═══ DATASET EXTRACT ═══

(* Let $\theta\in[0,1]$ and $\Delta t,\Delta x>0$ satisfy $\Delta t(1-2\theta)\le\frac{\Delta x^3}{4}$. Then for every sequence $a\in\ell^2_\Delta(\mathbb Z)$, $$\|\mathcal A_{-(1-\theta)}a\|^2_{\ell^2_\Delta}\le\|\mathcal A_\theta a\|^2_{\ell^2_\Delta}.$$
   Context: For a sequence $a=(a_j)_{j\in\mathbb Z}$: $D_+(a)_j=(a_{j+1}-a_j)/\Delta x$, $D_-(a)_j=(a_j-a_{j-1})/\Delta x$; $\|a\|_{\ell^2_\Delta}=(\Delta x\sum_j a_j^2)^{1/2}$. For $\alpha\in\mathbb R$, $\mathcal A_\alpha=I+\alpha\Delta tD_+D_+D_-$; thus $\mathcal A_{-(1-\theta)}=I-(1-\theta)\Delta tD_+D_+D_-$. *)

theory Defs
  imports "HOL-Analysis.Analysis"
begin

definition Dplus :: "real \<Rightarrow> (int \<Rightarrow> real) \<Rightarrow> (int \<Rightarrow> real)" where
  "Dplus dx a = (\<lambda>j. (a (j + 1) - a j) / dx)"

definition Dminus :: "real \<Rightarrow> (int \<Rightarrow> real) \<Rightarrow> (int \<Rightarrow> real)" where
  "Dminus dx a = (\<lambda>j. (a j - a (j - 1)) / dx)"

text \<open>Membership in l^2 over the integers (the weight dx does not affect membership).\<close>
definition in_l2 :: "(int \<Rightarrow> real) \<Rightarrow> bool" where
  "in_l2 a \<longleftrightarrow> (\<lambda>j. (a j)^2) summable_on UNIV"

definition l2_norm_sq :: "real \<Rightarrow> (int \<Rightarrow> real) \<Rightarrow> real" where
  "l2_norm_sq dx a = dx * (\<Sum>\<^sub>\<infinity>j\<in>UNIV. (a j)^2)"

definition Aop :: "real \<Rightarrow> real \<Rightarrow> real \<Rightarrow> (int \<Rightarrow> real) \<Rightarrow> (int \<Rightarrow> real)" where
  "Aop alpha dt dx a = (\<lambda>j. a j + alpha * dt * Dplus dx (Dplus dx (Dminus dx a)) j)"

end

(* With L = D+ D+ D- a, both operators have the form a + s dt L, so
   ||A_theta a||^2 - ||A_{-(1-theta)} a||^2 = dx (2 dt <a, L> + (2 theta - 1) dt^2 ||L||^2)
   (unweighted sums inside). Two summations by parts give <a, L> = (dx/2) ||D+ D- a||^2,
   and (x - y)^2 <= 2 x^2 + 2 y^2 gives ||L||^2 <= (4/dx^2) ||D+ D- a||^2.  For theta >= 1/2 both
   terms are nonnegative; otherwise the condition dt (1 - 2 theta) <= dx^3/4 is exactly what
   lets the first term absorb the second. *)

theory Submission
  imports Defs
begin

lemma bij_betw_shift_int: "bij_betw (\<lambda>j::int. j + k) UNIV UNIV"
  by (rule bij_betwI[where g = "\<lambda>j. j - k"]) auto

lemma infsum_shift_int: "(\<Sum>\<^sub>\<infinity>j. f (j + k)) = (\<Sum>\<^sub>\<infinity>j::int. f j)"
  using infsum_reindex_bij_betw[OF bij_betw_shift_int, of f k] by simp

lemma in_l2_shift: "in_l2 a \<Longrightarrow> in_l2 (\<lambda>j. a (j + k))"
  unfolding in_l2_def
  using summable_on_reindex_bij_betw[OF bij_betw_shift_int, of "\<lambda>j. (a j)^2" k] by simp

lemma summable_on_abs_bound_real:
  fixes f g :: "'a \<Rightarrow> real"
  assumes "g summable_on A" and "\<And>x. \<bar>f x\<bar> \<le> g x"
  shows "f summable_on A"
proof -
  have "(\<lambda>x. norm (f x)) summable_on A"
    by (rule Infinite_Sum.abs_summable_on_comparison_test'[OF assms(1)]) (simp add: assms(2))
  then show ?thesis
    using summable_on_iff_abs_summable_on_real by blast
qed

lemma summable_on_mult_in_l2:
  assumes "in_l2 a" and "in_l2 b"
  shows "(\<lambda>j. a j * b j) summable_on UNIV"
proof (rule summable_on_abs_bound_real)
  show "(\<lambda>j. (a j)^2 + (b j)^2) summable_on UNIV"
    using assms unfolding in_l2_def by (rule summable_on_add)
  fix j
  have "2 * \<bar>a j\<bar> * \<bar>b j\<bar> \<le> \<bar>a j\<bar>^2 + \<bar>b j\<bar>^2"
    using sum_squares_bound[of "\<bar>a j\<bar>" "\<bar>b j\<bar>"] by (simp add: power2_eq_square)
  moreover have "\<bar>a j * b j\<bar> \<le> 2 * \<bar>a j\<bar> * \<bar>b j\<bar>"
    by (simp add: abs_mult)
  ultimately show "\<bar>a j * b j\<bar> \<le> (a j)^2 + (b j)^2"
    by simp
qed

lemma in_l2_lincomb:
  assumes "in_l2 a" and "in_l2 b"
  shows "in_l2 (\<lambda>j. c * a j + d * b j)"
  unfolding in_l2_def
proof (rule summable_on_abs_bound_real)
  show "(\<lambda>j. (2 * c^2) * (a j)^2 + (2 * d^2) * (b j)^2) summable_on UNIV"
    using assms unfolding in_l2_def by (intro summable_on_add summable_on_cmult_right)
  fix j
  have "0 \<le> (c * a j - d * b j)^2" by simp
  then have "(c * a j + d * b j)^2 \<le> (2 * c^2) * (a j)^2 + (2 * d^2) * (b j)^2"
    by (simp add: power2_eq_square algebra_simps)
  then show "\<bar>(c * a j + d * b j)^2\<bar> \<le> (2 * c^2) * (a j)^2 + (2 * d^2) * (b j)^2"
    by simp
qed

lemma Dplus_eq_lincomb: "Dplus dx a = (\<lambda>j. (1/dx) * a (j + 1) + (-1/dx) * a j)"
  unfolding Dplus_def by (auto simp: diff_divide_distrib)

lemma Dminus_eq_lincomb: "Dminus dx a = (\<lambda>j. (1/dx) * a j + (-1/dx) * a (j + -1))"
  unfolding Dminus_def by (auto simp: diff_divide_distrib)

lemma in_l2_Dplus: "in_l2 a \<Longrightarrow> in_l2 (Dplus dx a)"
  unfolding Dplus_eq_lincomb by (intro in_l2_lincomb in_l2_shift)

lemma in_l2_Dminus: "in_l2 a \<Longrightarrow> in_l2 (Dminus dx a)"
  unfolding Dminus_eq_lincomb by (intro in_l2_lincomb in_l2_shift)

lemma infsum_lincomb_real:
  fixes f g :: "'a \<Rightarrow> real"
  assumes "f summable_on A" and "g summable_on A"
  shows "(\<Sum>\<^sub>\<infinity>x\<in>A. c * f x + d * g x) = c * (\<Sum>\<^sub>\<infinity>x\<in>A. f x) + d * (\<Sum>\<^sub>\<infinity>x\<in>A. g x)"
  by (intro infsumI has_sum_add has_sum_cmult_right has_sum_infsum assms)

lemma summable_on_diff_real:
  fixes f g :: "'a \<Rightarrow> real"
  assumes "f summable_on A" and "g summable_on A"
  shows "(\<lambda>x. f x - g x) summable_on A"
  using summable_on_add[OF assms(1) summable_on_cmult_right[OF assms(2), of "-1"]] by simp

lemma infsum_diff_real:
  fixes f g :: "'a \<Rightarrow> real"
  assumes "f summable_on A" and "g summable_on A"
  shows "(\<Sum>\<^sub>\<infinity>x\<in>A. f x - g x) = (\<Sum>\<^sub>\<infinity>x\<in>A. f x) - (\<Sum>\<^sub>\<infinity>x\<in>A. g x)"
  using infsum_lincomb_real[OF assms, of 1 "-1"] by simp

lemma infsum_square_add_scaled:
  assumes "in_l2 a" and "in_l2 b"
  shows "(\<Sum>\<^sub>\<infinity>j. (a j + s * b j)^2)
    = (\<Sum>\<^sub>\<infinity>j. (a j)^2) + 2 * s * (\<Sum>\<^sub>\<infinity>j. a j * b j) + s^2 * (\<Sum>\<^sub>\<infinity>j. (b j)^2)"
proof -
  have sa: "(\<lambda>j. (a j)^2) summable_on UNIV" and sb: "(\<lambda>j. (b j)^2) summable_on UNIV"
    using assms unfolding in_l2_def by auto
  have sab: "(\<lambda>j. a j * b j) summable_on UNIV"
    using assms by (rule summable_on_mult_in_l2)
  have "(\<Sum>\<^sub>\<infinity>j. (a j + s * b j)^2)
      = (\<Sum>\<^sub>\<infinity>j. (a j)^2 + ((2 * s) * (a j * b j) + s^2 * (b j)^2))"
    by (rule infsum_cong) (simp add: power2_eq_square algebra_simps)
  also have "\<dots> = (\<Sum>\<^sub>\<infinity>j. (a j)^2) + (\<Sum>\<^sub>\<infinity>j. (2 * s) * (a j * b j) + s^2 * (b j)^2)"
    using sa sab sb by (intro infsum_add summable_on_add summable_on_cmult_right)
  also have "\<dots> = (\<Sum>\<^sub>\<infinity>j. (a j)^2) + ((2 * s) * (\<Sum>\<^sub>\<infinity>j. a j * b j) + s^2 * (\<Sum>\<^sub>\<infinity>j. (b j)^2))"
    by (simp only: infsum_lincomb_real[OF sab sb])
  finally show ?thesis
    by (simp only: add.assoc)
qed

lemma infsum_shift_square_diff:
  assumes "in_l2 f"
  shows "(\<Sum>\<^sub>\<infinity>j. (f (j + 1))^2 - (f j)^2) = 0"
  using in_l2_shift[OF assms, of 1] assms infsum_shift_int[of "\<lambda>j. (f j)^2" 1]
  unfolding in_l2_def by (simp add: infsum_diff_real)

lemma infsum_mult_Dplus:
  assumes "in_l2 f" and "in_l2 g"
  shows "(\<Sum>\<^sub>\<infinity>j. f j * Dplus dx g j) = - (\<Sum>\<^sub>\<infinity>j. Dminus dx f j * g j)"
proof -
  have s1: "(\<lambda>j. f j * g (j + 1)) summable_on UNIV"
    using assms by (intro summable_on_mult_in_l2 in_l2_shift)
  have s0: "(\<lambda>j. f j * g j) summable_on UNIV"
    using assms by (rule summable_on_mult_in_l2)
  have s2: "(\<lambda>j. f (j + -1) * g j) summable_on UNIV"
    using assms by (intro summable_on_mult_in_l2 in_l2_shift)
  have shifted: "(\<Sum>\<^sub>\<infinity>j. f (j + -1) * g j) = (\<Sum>\<^sub>\<infinity>j. f j * g (j + 1))"
    using infsum_shift_int[of "\<lambda>j. f (j + -1) * g j" 1] by simp
  have "(\<Sum>\<^sub>\<infinity>j. f j * Dplus dx g j)
      = (\<Sum>\<^sub>\<infinity>j. (1/dx) * (f j * g (j + 1)) + (-1/dx) * (f j * g j))"
    by (rule infsum_cong) (simp add: Dplus_eq_lincomb algebra_simps)
  also have "\<dots> = (1/dx) * (\<Sum>\<^sub>\<infinity>j. f j * g (j + 1)) + (-1/dx) * (\<Sum>\<^sub>\<infinity>j. f j * g j)"
    by (rule infsum_lincomb_real[OF s1 s0])
  also have "\<dots> = - ((1/dx) * (\<Sum>\<^sub>\<infinity>j. f j * g j) + (-1/dx) * (\<Sum>\<^sub>\<infinity>j. f (j + -1) * g j))"
    by (simp only: shifted)
  also have "\<dots> = - (\<Sum>\<^sub>\<infinity>j. (1/dx) * (f j * g j) + (-1/dx) * (f (j + -1) * g j))"
    by (simp only: infsum_lincomb_real[OF s0 s2])
  also have "\<dots> = - (\<Sum>\<^sub>\<infinity>j. Dminus dx f j * g j)"
    by (rule arg_cong[where f = uminus], rule infsum_cong) (simp add: Dminus_eq_lincomb algebra_simps)
  finally show ?thesis .
qed

lemma infsum_mult_Dplus_self:
  assumes "in_l2 f"
  shows "(\<Sum>\<^sub>\<infinity>j. f j * Dplus dx f j) = - (dx / 2) * (\<Sum>\<^sub>\<infinity>j. (Dplus dx f j)^2)"
proof (cases "dx = 0")
  case True
  then show ?thesis by (simp add: Dplus_def)
next
  case False
  have sq: "(\<lambda>j. (f (j + 1))^2 - (f j)^2) summable_on UNIV"
    using in_l2_shift[OF assms, of 1] assms unfolding in_l2_def by (rule summable_on_diff_real)
  have sD: "(\<lambda>j. (Dplus dx f j)^2) summable_on UNIV"
    using in_l2_Dplus[OF assms] unfolding in_l2_def .
  \<comment> \<open>a (b - a) = (b^2 - a^2)/2 - (b - a)^2/2, and the first part telescopes\<close>
  have "(\<Sum>\<^sub>\<infinity>j. f j * Dplus dx f j)
      = (\<Sum>\<^sub>\<infinity>j. (1 / (2 * dx)) * ((f (j + 1))^2 - (f j)^2) + (- (dx / 2)) * (Dplus dx f j)^2)"
    using False by (intro infsum_cong) (simp add: Dplus_def field_simps power2_eq_square)
  also have "\<dots> = (1 / (2 * dx)) * (\<Sum>\<^sub>\<infinity>j. (f (j + 1))^2 - (f j)^2)
      + (- (dx / 2)) * (\<Sum>\<^sub>\<infinity>j. (Dplus dx f j)^2)"
    by (rule infsum_lincomb_real[OF sq sD])
  finally show ?thesis
    by (simp only: infsum_shift_square_diff[OF assms])
qed

lemma infsum_Dplus_square_le:
  assumes "in_l2 f"
  shows "(\<Sum>\<^sub>\<infinity>j. (Dplus dx f j)^2) \<le> 4 / dx^2 * (\<Sum>\<^sub>\<infinity>j. (f j)^2)"
proof -
  have sf: "(\<lambda>j. (f j)^2) summable_on UNIV" and sf1: "(\<lambda>j. (f (j + 1))^2) summable_on UNIV"
    using assms in_l2_shift[OF assms, of 1] unfolding in_l2_def by auto
  have "(\<Sum>\<^sub>\<infinity>j. (Dplus dx f j)^2) \<le> (\<Sum>\<^sub>\<infinity>j. (2/dx^2) * (f (j + 1))^2 + (2/dx^2) * (f j)^2)"
  proof (rule infsum_mono)
    show "(\<lambda>j. (Dplus dx f j)^2) summable_on UNIV"
      using in_l2_Dplus[OF assms] unfolding in_l2_def .
    show "(\<lambda>j. (2/dx^2) * (f (j + 1))^2 + (2/dx^2) * (f j)^2) summable_on UNIV"
      using sf sf1 by (intro summable_on_add summable_on_cmult_right)
    fix j
    have "(f (j + 1) - f j)^2 \<le> 2 * (f (j + 1))^2 + 2 * (f j)^2"
      using zero_le_power2[of "f (j + 1) + f j"] by (simp add: power2_eq_square algebra_simps)
    then have "(f (j + 1) - f j)^2 / dx^2 \<le> (2 * (f (j + 1))^2 + 2 * (f j)^2) / dx^2"
      by (rule divide_right_mono) simp
    then show "(Dplus dx f j)^2 \<le> (2/dx^2) * (f (j + 1))^2 + (2/dx^2) * (f j)^2"
      by (simp add: Dplus_def power_divide add_divide_distrib)
  qed
  also have "\<dots> = (2/dx^2) * (\<Sum>\<^sub>\<infinity>j. (f (j + 1))^2) + (2/dx^2) * (\<Sum>\<^sub>\<infinity>j. (f j)^2)"
    by (rule infsum_lincomb_real[OF sf1 sf])
  also have "\<dots> = 4 / dx^2 * (\<Sum>\<^sub>\<infinity>j. (f j)^2)"
    using infsum_shift_int[of "\<lambda>j. (f j)^2" 1] by simp
  finally show ?thesis .
qed

lemma infsum_mult_Dplus_Dplus_Dminus:
  assumes "in_l2 a"
  shows "(\<Sum>\<^sub>\<infinity>j. a j * Dplus dx (Dplus dx (Dminus dx a)) j)
    = dx / 2 * (\<Sum>\<^sub>\<infinity>j. (Dplus dx (Dminus dx a) j)^2)"
  using infsum_mult_Dplus[OF assms in_l2_Dplus[OF in_l2_Dminus[OF assms]]]
    infsum_mult_Dplus_self[OF in_l2_Dminus[OF assms]]
  by (simp add: mult.commute)

lemma dissipation_dominates:
  fixes \<theta> dt dx V Q :: real
  assumes "dt > 0" and "dx > 0" and "0 \<le> Q" and "Q \<le> 4 / dx^2 * V"
    and "dt * (1 - 2 * \<theta>) \<le> dx ^ 3 / 4"
  shows "0 \<le> dt * dx * V + (2 * \<theta> - 1) * dt^2 * Q"
proof -
  have "0 \<le> 4 / dx^2 * V" and "0 < 4 / dx^2"
    using assms(2-4) by auto
  then have V: "0 \<le> V"
    by (simp only: zero_le_mult_iff) linarith
  show ?thesis
  proof (cases "2 * \<theta> - 1 \<ge> 0")
    case True
    then show ?thesis
      using V assms(1-3) by simp
  next
    case False
    have "(1 - 2 * \<theta>) * dt^2 * Q \<le> (1 - 2 * \<theta>) * dt^2 * (4 / dx^2 * V)"
      using False assms(4) by (intro mult_left_mono) auto
    also have "\<dots> = dt * (4 * (dt * (1 - 2 * \<theta>)) * V / dx^2)"
      by (simp add: power2_eq_square)
    also have "\<dots> \<le> dt * (dx^3 * V / dx^2)"
      using assms(1,5) V by (intro mult_left_mono divide_right_mono mult_right_mono) auto
    also have "\<dots> = dt * dx * V"
      using assms(2) by (simp add: power2_eq_square power3_eq_cube)
    finally show ?thesis
      by (simp add: algebra_simps)
  qed
qed

theorem proposition5:
  fixes \<theta> dt dx :: real and a :: "int \<Rightarrow> real"
  assumes "0 \<le> \<theta>" and "\<theta> \<le> 1"
    and "dt > 0" and "dx > 0"
    and "dt * (1 - 2 * \<theta>) \<le> dx ^ 3 / 4"
    and "in_l2 a"
  shows "l2_norm_sq dx (Aop (-(1 - \<theta>)) dt dx a) \<le> l2_norm_sq dx (Aop \<theta> dt dx a)"
proof -
  define v where "v = Dplus dx (Dminus dx a)"
  define V where "V = (\<Sum>\<^sub>\<infinity>j. (v j)^2)"
  define Q where "Q = (\<Sum>\<^sub>\<infinity>j. (Dplus dx v j)^2)"
  have v: "in_l2 v"
    unfolding v_def using assms(6) by (intro in_l2_Dplus in_l2_Dminus)
  have Aop_eq: "Aop s dt dx a = (\<lambda>j. a j + (s * dt) * Dplus dx v j)" for s
    unfolding Aop_def v_def by (simp add: mult.assoc)
  have "l2_norm_sq dx (Aop \<theta> dt dx a) - l2_norm_sq dx (Aop (-(1 - \<theta>)) dt dx a)
      = dx * (2 * dt * (\<Sum>\<^sub>\<infinity>j. a j * Dplus dx v j) + (2 * \<theta> - 1) * dt^2 * Q)"
    unfolding l2_norm_sq_def Aop_eq infsum_square_add_scaled[OF assms(6) in_l2_Dplus[OF v]] Q_def
    by (simp add: power2_eq_square algebra_simps)
  also have "\<dots> = dx * (dt * dx * V + (2 * \<theta> - 1) * dt^2 * Q)"
    using infsum_mult_Dplus_Dplus_Dminus[OF assms(6), of dx] unfolding V_def v_def by simp
  finally have energy: "l2_norm_sq dx (Aop \<theta> dt dx a) - l2_norm_sq dx (Aop (-(1 - \<theta>)) dt dx a)
      = dx * (dt * dx * V + (2 * \<theta> - 1) * dt^2 * Q)" .
  have "0 \<le> Q"
    unfolding Q_def by (rule infsum_nonneg) simp
  moreover have "Q \<le> 4 / dx^2 * V"
    unfolding Q_def V_def by (rule infsum_Dplus_square_le[OF v])
  ultimately have "0 \<le> dt * dx * V + (2 * \<theta> - 1) * dt^2 * Q"
    using assms(3-5) by (intro dissipation_dominates)
  then have "0 \<le> dx * (dt * dx * V + (2 * \<theta> - 1) * dt^2 * Q)"
    using assms(4) by simp
  then show ?thesis
    using energy by linarith
qed

end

═══

Out of the entries, report each line that contains the word "imports".

:: OUTPUT OF THE TASK ::
  imports "HOL-Analysis.Analysis"
  imports Defs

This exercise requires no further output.